物理的な機能の説明でも言及したとおり、ジョイスティックとエンコーダーの取り得る値は0〜255です。
  Serial.println("Encoders: " +
String(info.encoders[0]) + " " +
String(info.encoders[1]));
Serial.println("joyLeftHori: " + String(info.joyLeftHori));
Serial.println("joyLeftVert: " + String(info.joyLeftVert));
Serial.println("joyRightHori: " + String(info.joyRightHori));
Serial.println("joyRightVert: " + String(info.joyRightVert));

ジョイスティックが上か下、左か右に移動されているか判断するのに便利な下記の関数を用意しています。
bool joyLeftOperatedDown();
bool joyLeftOperatedLeft();
bool joyLeftOperatedRight();
bool joyLeftOperatedUp();
bool joyRightOperatedDown();
bool joyRightOperatedLeft();
bool joyRightOperatedRight();
bool joyRightOperatedUp();

このように使えます。
if (info.joyRightOperatedUp()) {
Serial.println("Right is up");
}

write前にLEDの値をtrueにすれば点灯、falseにすると点灯します。
  int ledToBright = millis() % 1000 % 5;
for (int i = 0; i < 4; ++i) {
info.leds[i] = i == ledToBright;
}

write前にlcdCharを変えると、変えた文字がLCDに反映されます。
putStringLcdCharsという関数を用意しており、これを使うと文字列を特定のindex以後に置けて便利です。
  String strToShow = String(count);
info.putStringToLcdChars(strToShow, 16 - strToShow.length());

プログラムの解説は以上です。
ライブラリの実装を知りたい場合はソースコードをご覧ください。

動作の様子

サンプルプログラムPrintOnSerialをM5Stackに書き込んで、シリアルポートで値を表示しつつ操作を行う様子を写した写真です。

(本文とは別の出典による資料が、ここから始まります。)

(* For a sequence a of positive integers the value
     x = sum_k (-1)^k / (a_0 (a_0 + a_1) ... (a_0 + ... + a_k))
   satisfies x = (1 - x') / a_0, where x' is a series of the same shape (all partial sums shifted
   by a_0) for the tail of a, and x lies in [1/(a_0 + 1), 1/a_0). Hence a is determined by x, so
   an atom of the distribution has probability at most prod_{k<K} P(eta_1 = a_k); this tends to 0
   unless eta_1 is almost surely constant, in which case the distribution is a point mass.

   For singularity fix d with P(eta_1 = d) > 0. By independence the block d, d, d occurs
   infinitely often almost surely. The values of all sequences with such a block at position n
   lie in a Borel set of Lebesgue measure O(1/n^2), so by Borel-Cantelli the limit superior of
   these sets is a Lebesgue null set, and it carries the whole distribution. *)

definition alt_term :: "nat \<Rightarrow> (nat \<Rightarrow> nat) \<Rightarrow> nat \<Rightarrow> real" where
  "alt_term B a k = 1 / (\<Prod>j\<le>k. real (B + (\<Sum>i\<le>j. a i)))"

definition offset_alt_series :: "nat \<Rightarrow> (nat \<Rightarrow> nat) \<Rightarrow> real" where
  "offset_alt_series B a = (\<Sum>k. (-1) ^ k * alt_term B a k)"

lemma alt_series_eq_offset_alt_series: "alt_series a = offset_alt_series 0 a"
  unfolding alt_series_def offset_alt_series_def alt_term_def by simp

lemma Suc_le_partial_sum:
  assumes "\<forall>i. 0 < a i"
  shows "Suc j \<le> B + (\<Sum>i\<le>j. a i)"
proof -
  have "(\<Sum>i\<le>j. 1) \<le> (\<Sum>i\<le>j. a i)"
    using assms by (intro sum_mono) (simp add: Suc_le_eq)
  then show ?thesis by simp
qed
(* Let $K$ be a perfect field and let $M/K$ be obtained by strong cluster magnification from $L/K$ through a finite Galois extension $F/K$. Let $S$ be the set of distinct fields isomorphic to $L$ over $K$ and let $B=\{L_{i_1},\dots,L_{i_m}\}\subseteq S$. Then $B$ is a minimal generating set of the Galois closure of $L/K$ if and only if $B'=\{L_{i_1}F,\dots,L_{i_m}F\}$ is a minimal generating set of the Galois closure of $M/K$. In this case $|B|=|B'|$.
   Context: $\bar K$ is a fixed algebraic closure of $K$; $\tilde E$ denotes the Galois closure in $\bar K$ of a finite extension $E/K$. $M/K$ is obtained by strong cluster magnification from a subextension $L/K$ through a finite Galois extension $F/K$ if $[L:K]>2$, $\tilde L\cap F=K$ and $M=LF$; then the distinct fields isomorphic to $M$ over $K$ are exactly the fields $EF$ with $E\in S$. For an extension $E/K$, let $S_E$ be the set of distinct subfields of $\bar K$ isomorphic to $E$ over $K$; a subset $B\subseteq S_E$ is a minimal generating set of $\tilde E$ if the compositum of the fields in $B$ is $\tilde E$, while the compositum of the fields in any proper subset of $B$ is not $\tilde E$. *)

theory Defs
  imports "HOL-Computational_Algebra.Polynomial"
begin

text \<open>All fields are subfields of an ambient field of type 'a, which will be
assumed to be an algebraic closure of the base field K.\<close>

definition subfield :: "'a::field set \<Rightarrow> bool" where
  "subfield F \<longleftrightarrow> 0 \<in> F \<and> 1 \<in> F \<and>
     (\<forall>x\<in>F. \<forall>y\<in>F. x + y \<in> F \<and> x * y \<in> F) \<and>
     (\<forall>x\<in>F. - x \<in> F) \<and> (\<forall>x\<in>F. x \<noteq> 0 \<longrightarrow> inverse x \<in> F)"

definition perfect_subfield :: "'a::field set \<Rightarrow> bool" where
  "perfect_subfield K \<longleftrightarrow> subfield K \<and>
     (CHAR('a) = 0 \<or> (\<forall>x\<in>K. \<exists>y\<in>K. y ^ CHAR('a) = x))"

definition alg_closed_type :: "'a::field itself \<Rightarrow> bool" where
  "alg_closed_type _ \<longleftrightarrow> (\<forall>p::'a poly. degree p > 0 \<longrightarrow> (\<exists>x. poly p x = 0))"

definition algebraic_over :: "'a::field set \<Rightarrow> 'a \<Rightarrow> bool" where
  "algebraic_over K x \<longleftrightarrow> (\<exists>p. p \<noteq> 0 \<and> (\<forall>i. coeff p i \<in> K) \<and> poly p x = 0)"

definition is_alg_closure_of :: "'a::field set \<Rightarrow> bool" where
  "is_alg_closure_of K \<longleftrightarrow> subfield K \<and> alg_closed_type TYPE('a) \<and> (\<forall>x. algebraic_over K x)"

definition lin_indep_over :: "'a::field set \<Rightarrow> 'a set \<Rightarrow> bool" where
  "lin_indep_over K S \<longleftrightarrow> (\<forall>T c. finite T \<longrightarrow> T \<subseteq> S \<longrightarrow> (\<forall>x\<in>T. c x \<in> K) \<longrightarrow>
      (\<Sum>x\<in>T. c x * x) = 0 \<longrightarrow> (\<forall>x\<in>T. c x = 0))"

definition span_over :: "'a::field set \<Rightarrow> 'a set \<Rightarrow> 'a set" where
  "span_over K S = {(\<Sum>x\<in>T. c x * x) | T c. finite T \<and> T \<subseteq> S \<and> (\<forall>x\<in>T. c x \<in> K)}"

definition is_basis_over :: "'a::field set \<Rightarrow> 'a set \<Rightarrow> 'a set \<Rightarrow> bool" where
  "is_basis_over K L B \<longleftrightarrow> B \<subseteq> L \<and> lin_indep_over K B \<and> span_over K B = L"

definition finite_ext :: "'a::field set \<Rightarrow> 'a set \<Rightarrow> bool" where
  "finite_ext K L \<longleftrightarrow> subfield K \<and> subfield L \<and> K \<subseteq> L \<and> (\<exists>B. finite B \<and> is_basis_over K L B)"

definition ext_degree :: "'a::field set \<Rightarrow> 'a set \<Rightarrow> nat" where
  "ext_degree K L = (if finite_ext K L then card (SOME B. finite B \<and> is_basis_over K L B) else 0)"

definition K_iso :: "'a::field set \<Rightarrow> ('a \<Rightarrow> 'a) \<Rightarrow> 'a set \<Rightarrow> 'a set \<Rightarrow> bool" where
  "K_iso K \<sigma> E E' \<longleftrightarrow> bij_betw \<sigma> E E' \<and> \<sigma> 1 = 1 \<and>
     (\<forall>x\<in>E. \<forall>y\<in>E. \<sigma> (x + y) = \<sigma> x + \<sigma> y \<and> \<sigma> (x * y) = \<sigma> x * \<sigma> y) \<and>
     (\<forall>x\<in>K. \<sigma> x = x)"

definition conj_fields :: "'a::field set \<Rightarrow> 'a set \<Rightarrow> 'a set set" where
  "conj_fields K E = {E'. subfield E' \<and> K \<subseteq> E' \<and> (\<exists>\<sigma>. K_iso K \<sigma> E E')}"

definition compositum :: "'a::field set \<Rightarrow> 'a set set \<Rightarrow> 'a set" where
  "compositum K \<B> = \<Inter>{F. subfield F \<and> K \<subseteq> F \<and> \<Union>\<B> \<subseteq> F}"

definition galois_ext :: "'a::field set \<Rightarrow> 'a set \<Rightarrow> bool" where
  "galois_ext K F \<longleftrightarrow> finite_ext K F \<and>
     {x\<in>F. \<forall>\<sigma>. K_iso K \<sigma> F F \<longrightarrow> \<sigma> x = x} = K"

definition galois_closure :: "'a::field set \<Rightarrow> 'a set \<Rightarrow> 'a set" where
  "galois_closure K E = \<Inter>{G. subfield G \<and> E \<subseteq> G \<and> galois_ext K G}"

definition strong_cluster_magnification ::
  "'a::field set \<Rightarrow> 'a set \<Rightarrow> 'a set \<Rightarrow> 'a set \<Rightarrow> bool" where
  "strong_cluster_magnification K L F M \<longleftrightarrow>
     finite_ext K L \<and> galois_ext K F \<and> ext_degree K L > 2 \<and>
     galois_closure K L \<inter> F = K \<and> M = compositum K {L, F}"

definition minimal_generating_set :: "'a::field set \<Rightarrow> 'a set \<Rightarrow> 'a set set \<Rightarrow> bool" where
  "minimal_generating_set K E B \<longleftrightarrow> B \<subseteq> conj_fields K E \<and>
     compositum K B = galois_closure K E \<and>
     (\<forall>B'. B' \<subset> B \<longrightarrow> compositum K B' \<noteq> galois_closure K E)"

end

theory Submission
  imports Defs "HOL-Computational_Algebra.Primes"
begin

text \<open>
  Let N be the Galois closure of L; it is K adjoined all conjugates of a basis of L.
  Since F/K is Galois and N \<inter> F = K, a K-basis of F stays linearly independent over N:
  a shortest nontrivial relation with coefficients in N is moved by an embedding that fixes F,
  and subtracting the two relations gives a shorter one. Such embeddings exist because K is
  perfect, so minimal polynomials are separable and every element outside F has another
  conjugate over F. Consequently XF \<inter> N = X for every field X between K and N, so
  X \<mapsto> XF is injective there. Moreover the Galois closure of M = LF is NF, every conjugate E
  of L yields the conjugate EF of M, and forming composita commutes with X \<mapsto> XF on
  nonempty families. Hence a family of conjugates of L generates N exactly when the family of
  the EF generates NF, and the same holds for all subfamilies, so minimality transfers and
  injectivity gives |B| = |B'|. As [L:K] > 2 we have L \<noteq> K, so the empty family generates
  neither closure.
\<close>

section \<open>Subfields and adjunction\<close>

lemma subfield_0: "subfield E \<Longrightarrow> 0 \<in> E"
  and subfield_1: "subfield E \<Longrightarrow> 1 \<in> E"
  and subfield_add: "subfield E \<Longrightarrow> x \<in> E \<Longrightarrow> y \<in> E \<Longrightarrow> x + y \<in> E"
  and subfield_mult: "subfield E \<Longrightarrow> x \<in> E \<Longrightarrow> y \<in> E \<Longrightarrow> x * y \<in> E"
  and subfield_uminus: "subfield E \<Longrightarrow> x \<in> E \<Longrightarrow> - x \<in> E"
  by (simp_all add: subfield_def)
lemma vector_space_field_mult: "vector_space ((*) :: 'k::field \<Rightarrow> 'k \<Rightarrow> 'k)"
  unfolding vector_space_def by (simp add: algebra_simps)

lemma (in vector_space) linear_functional_separates_from_span:
  assumes "z \<notin> span B"
  obtains \<phi> where "Vector_Spaces.linear scale (*) \<phi>" "\<And>b. b \<in> B \<Longrightarrow> \<phi> b = 0" "\<phi> z = 1"
proof -
  interpret pair: vector_space_pair scale "(*) :: 'a \<Rightarrow> 'a \<Rightarrow> 'a"
    by (simp add: vector_space_pair_def vector_space_axioms vector_space_field_mult)
  obtain C where C: "C \<subseteq> span B" "independent C" "span B \<subseteq> span C"
    using maximal_independent_subset[of "span B"] by blast
  have "span C \<subseteq> span B" using span_mono[OF C(1)] span_span by simp
  then have "z \<notin> span C" using assms by blast
  then have "independent (insert z C)" "z \<notin> C"
    using independent_insertI C(2) span_base by blast+
  then obtain \<phi> where \<phi>: "Vector_Spaces.linear scale (*) \<phi>"
      "\<forall>x\<in>insert z C. \<phi> x = (if x = z then 1 else 0)"
    using pair.linear_independent_extend[of "insert z C" "\<lambda>x. if x = z then 1 else 0"] by blast
  have "\<phi> b = 0" if "b \<in> B" for b
    using pair.linear_eq_0_on_span[OF \<phi>(1), of C b] \<phi>(2) \<open>z \<notin> C\<close> C(3) span_base[OF that]
    by force
  with \<phi> that show ?thesis by auto
qed

definition scale_fun :: "'k::field \<Rightarrow> ('x \<Rightarrow> 'k) \<Rightarrow> 'x \<Rightarrow> 'k" where
  "scale_fun c f = (\<lambda>x. c * f x)"

lemma vector_space_scale_fun: "vector_space (scale_fun :: 'k::field \<Rightarrow> ('x \<Rightarrow> 'k) \<Rightarrow> _)"
  unfolding vector_space_def scale_fun_def by (simp add: fun_eq_iff algebra_simps)

lemma sum_fun_apply: "(\<Sum>i\<in>A. f i) x = (\<Sum>i\<in>A. f i x)"
  by (induct A rule: infinite_finite_induct) auto

definition unit_chain :: "'x \<Rightarrow> 'x \<Rightarrow> rat" where
  "unit_chain xs = (\<lambda>ys. if ys = xs then 1 else 0)"

lemma support_unit_chain: "{ys. unit_chain xs ys \<noteq> 0} = {xs}"
  by (auto simp: unit_chain_def)

lemma chain_eq_sum_unit_chains:
  assumes "finite {xs. c xs \<noteq> 0}"
  shows "c = (\<Sum>xs\<in>{xs. c xs \<noteq> 0}. scale_fun (c xs) (unit_chain xs))"
proof
  fix ys
  have "(\<Sum>xs\<in>{xs. c xs \<noteq> 0}. scale_fun (c xs) (unit_chain xs)) ys
      = (\<Sum>xs\<in>{xs. c xs \<noteq> 0}. if ys = xs then c xs else 0)"
    unfolding sum_fun_apply scale_fun_def unit_chain_def by (rule sum.cong) auto
  also have "\<dots> = c ys" using assms by (simp add: sum.delta)
  finally show "c ys = (\<Sum>xs\<in>{xs. c xs \<noteq> 0}. scale_fun (c xs) (unit_chain xs)) ys" by simp
qed

definition face_incidence :: "('a, 'b) monoid_scheme \<Rightarrow> 'a list \<Rightarrow> 'a list \<Rightarrow> rat" where
  "face_incidence H xs ys = (\<Sum>i\<in>{0..length xs}. if bar_face H i xs = ys then (-1) ^ i else 0)"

ジョイステイックを動かしたり、ボタンを押したりして、どういう値が取得できるか確認できます。

右のジョイステイックを上にスライドさせたときです。
JoyRightVertが255になります。


右のジョイステイックを下にスライドさせたときです。
JoyRightVertが0になります。


まとめ

ジョイスティック、エンコーダー、LCDなどの情報をI2Cでやりとりできる有線コントローラーを紹介しました。
良かったらご利用ください。

スイッチサイエンスで購入できます。
I2cControlPanel

更新履歴

2021.01.01
スイッチサイエンスの商品ページへのリンクを追加しました。